Targeted Delivery System Reform With Behavioral Health Components

Several states also use waiver authority to obtain Medicaid funding to pursue delivery system and payment reforms targeted to specific populations, including those with BH needs. A shrinking number of states operate Delivery System Reform Incentive Payment (DSRIP) programs with BH components, which provide states with significant funding to help providers, especially hospitals, invest in delivery system reform.3 For example, Washington’s DSRIP program, authorized through a Section 1115 demonstration in 2017, includes waivers of the IMD exclusion for SUD and SMI/SED, as well as projects targeted toward the integration of physical and behavioral health services and strategies to address SUD and projects focusing on SUD and projects focusing on physical health and BH integration. It will be critical to watch whether the Biden Administration reverses the course set out by the Trump Administration, which was gradually phasing down DSRIP programs in an effort to shift Medicaid programs toward more sustainable value-based purchasing integrated into Medicaid delivery systems. Under the Trump Administration, states were still able to leverage Medicaid funding for and pursue BH-focused delivery system and payment reforms using 1115 waivers other than DSRIP waivers. For example, Hawaii, Massachusetts and North Carolina obtained Medicaid funding through broader Section 1115 demonstrations for health-related initiatives addressing social determinants of heath for specific populations, including those with BH needs.

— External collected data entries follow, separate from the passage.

lemma prob_all_ge_union_bound:
  fixes M :: "'b pmf"
  assumes T: "finite T" and p: "\<And>x. x \<in> T \<Longrightarrow> measure_pmf.prob M {\<omega>. \<not> Q x \<omega>} \<le> p"
  shows "1 - real (card T) * p \<le> measure_pmf.prob M {\<omega>. \<forall>x\<in>T. Q x \<omega>}"
proof -
  have "measure_pmf.prob M (\<Union>x\<in>T. {\<omega>. \<not> Q x \<omega>}) \<le> (\<Sum>x\<in>T. measure_pmf.prob M {\<omega>. \<not> Q x \<omega>})"
    by (rule measure_UNION_le[OF T]) simp
  also have "\<dots> \<le> real (card T) * p" using sum_bounded_above[of T _ p] p by simp
  finally have "1 - real (card T) * p \<le> 1 - measure_pmf.prob M (\<Union>x\<in>T. {\<omega>. \<not> Q x \<omega>})" by simp
  also have "\<dots> = measure_pmf.prob M (UNIV - (\<Union>x\<in>T. {\<omega>. \<not> Q x \<omega>}))"
    using measure_pmf.prob_compl[of "\<Union>x\<in>T. {\<omega>. \<not> Q x \<omega>}" M] by simp
  also have "UNIV - (\<Union>x\<in>T. {\<omega>. \<not> Q x \<omega>}) = {\<omega>. \<forall>x\<in>T. Q x \<omega>}" by blast
  finally show ?thesis .
qed

theorem lemmaB3:
  fixes init :: "'s::finite pmf"
    and mu :: "nat \<Rightarrow> 's \<Rightarrow> 'a::finite pmf"
    and P :: "nat \<Rightarrow> 's \<Rightarrow> 'a \<Rightarrow> 's pmf"
    and H m :: nat
    and Vin :: "nat \<Rightarrow> 's \<Rightarrow> real"
    and \<delta> :: real
  assumes "0 < \<delta>" and "\<delta> < 1"
    and "\<forall>t\<in>{1..H}. \<forall>s. 0 \<le> Vin (t + 1) s \<and> Vin (t + 1) s \<le> real H"
  shows "measure_pmf.prob (dataset_pmf init mu P H m)
           {D. \<forall>t\<in>{1..H}. \<forall>s a. occ init mu P H t s a > 0 \<longrightarrow>
              \<bar>sigma_tilde init mu P H D m t (Vin (t + 1)) s a - sigmaV P t (Vin (t + 1)) s a\<bar>
                \<le> 6 * (real H)\<^sup>2 * sqrt (ln (4 * real H * real CARD('s) * real CARD('a) / \<delta>)
                                        / (real m * occ init mu P H t s a))
                  + 4 * (real H)\<^sup>2 * ln (4 * real H * real CARD('s) * real CARD('a) / \<delta>)
                                        / (real m * occ init mu P H t s a)}
         \<ge> 1 - \<delta>"
proof (cases "H = 0")
  case True
  then show ?thesis using assms by simp
next
  case False
  define K where "K = 4 * real H * real CARD('s) * real CARD('a)"
  define L where "L = ln (K / \<delta>)"
  define T where "T = {1..H} \<times> (UNIV :: 's set) \<times> (UNIV :: 'a set)"
  have "1 \<le> H * (CARD('s) * CARD('a))" using False by (simp add: Suc_le_eq)
  then have K: "4 \<le> K" unfolding K_def by (simp add: mult.assoc flip: of_nat_mult)
  then have L: "0 < L" and eL: "exp (- L) = \<delta> / K"
    using assms(1,2) by (simp_all add: L_def exp_minus field_simps)
  have "real (card T) * (4 * exp (- L)) = K * exp (- L)"
    by (simp add: T_def K_def card_cartesian_product)
  also have "\<dots> = \<delta>" using K by (simp add: eL)
  finally have "1 - \<delta> = 1 - real (card T) * (4 * exp (- L))" by simp
  also have "\<dots> \<le> measure_pmf.prob (dataset_pmf init mu P H m)
      {D. \<forall>(t, s, a)\<in>T. 0 < occ init mu P H t s a \<longrightarrow>
            \<bar>sigma_tilde init mu P H D m t (Vin (t + 1)) s a - sigmaV P t (Vin (t + 1)) s a\<bar>
              \<le> 6 * (real H)\<^sup>2 * sqrt (L / (real m * occ init mu P H t s a))
                + 4 * (real H)\<^sup>2 * L / (real m * occ init mu P H t s a)}"
    using assms(3) False L
    by (intro prob_all_ge_union_bound) (auto simp: T_def intro!: prob_sigma_tilde_bound_fails_le)
  finally show ?thesis by (simp add: T_def L_def K_def)
qed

Coverage Expansion for Individuals With Behavioral Health Needs

Select states also use Section 1115 authority to extend either limited or full Medicaid coverage to adults and children with SED, SMI or SUD who are otherwise ineligible for Medicaid. For example, Rhode Island uses its 1115 demonstration to expand Medicaid eligibility to children with SED who require treatment in a psychiatric residential treatment facility and do not meet income requirements for Social Security Income. The state also provides a limited benefit package to uninsured adults with incomes from 133–200 percent of the federal poverty level who have a mental illness or SUD.

Looking Ahead

As the first state-focused IMD demonstrations come up for renewal and more than 60 percent of states gain experience operating these demonstrations, federal and state governments have an opportunity to take stock of these demonstrations. Key questions to watch in the months ahead include:

  • How effective have SUD demonstrations been at increasing SUD treatment and leading to reductions in overdose deaths?
  • Will CMS accelerate approval of SMI waivers?
  • What pressures may emerge for additional protections against over-institutionalized care as more states begin to seek such waivers?
  • What efforts will be made to integrate MH and SUD treatment via Section 1115 demonstrations?
  • Will states integrate child-focused BH reforms into these waivers that have long focused on adults with BH needs?
  • How will CMS bring its strong focus on equity into these waivers going forward?

As BH care needs among Americans change, it is essential that CMS and state Medicaid agencies remain nimble and innovative.


1 States may not claim Medicaid matching funds for any part of an IMD stay for mental health that exceeds 60 days.

2 The ARP Act enacted on March 11, 2021, establishes a state option to provide community mobile crisis intervention services for a five-year period beginning in April 2022. As an incentive to state adoption, the law provides for an 85 percent enhanced federal matching rate for qualifying services for the first three years of state coverage.

3 Thirteen states originally had DSRIP waivers with 12 approved by the Obama Administration and one—Washington—approved by the Trump Administration in 2017.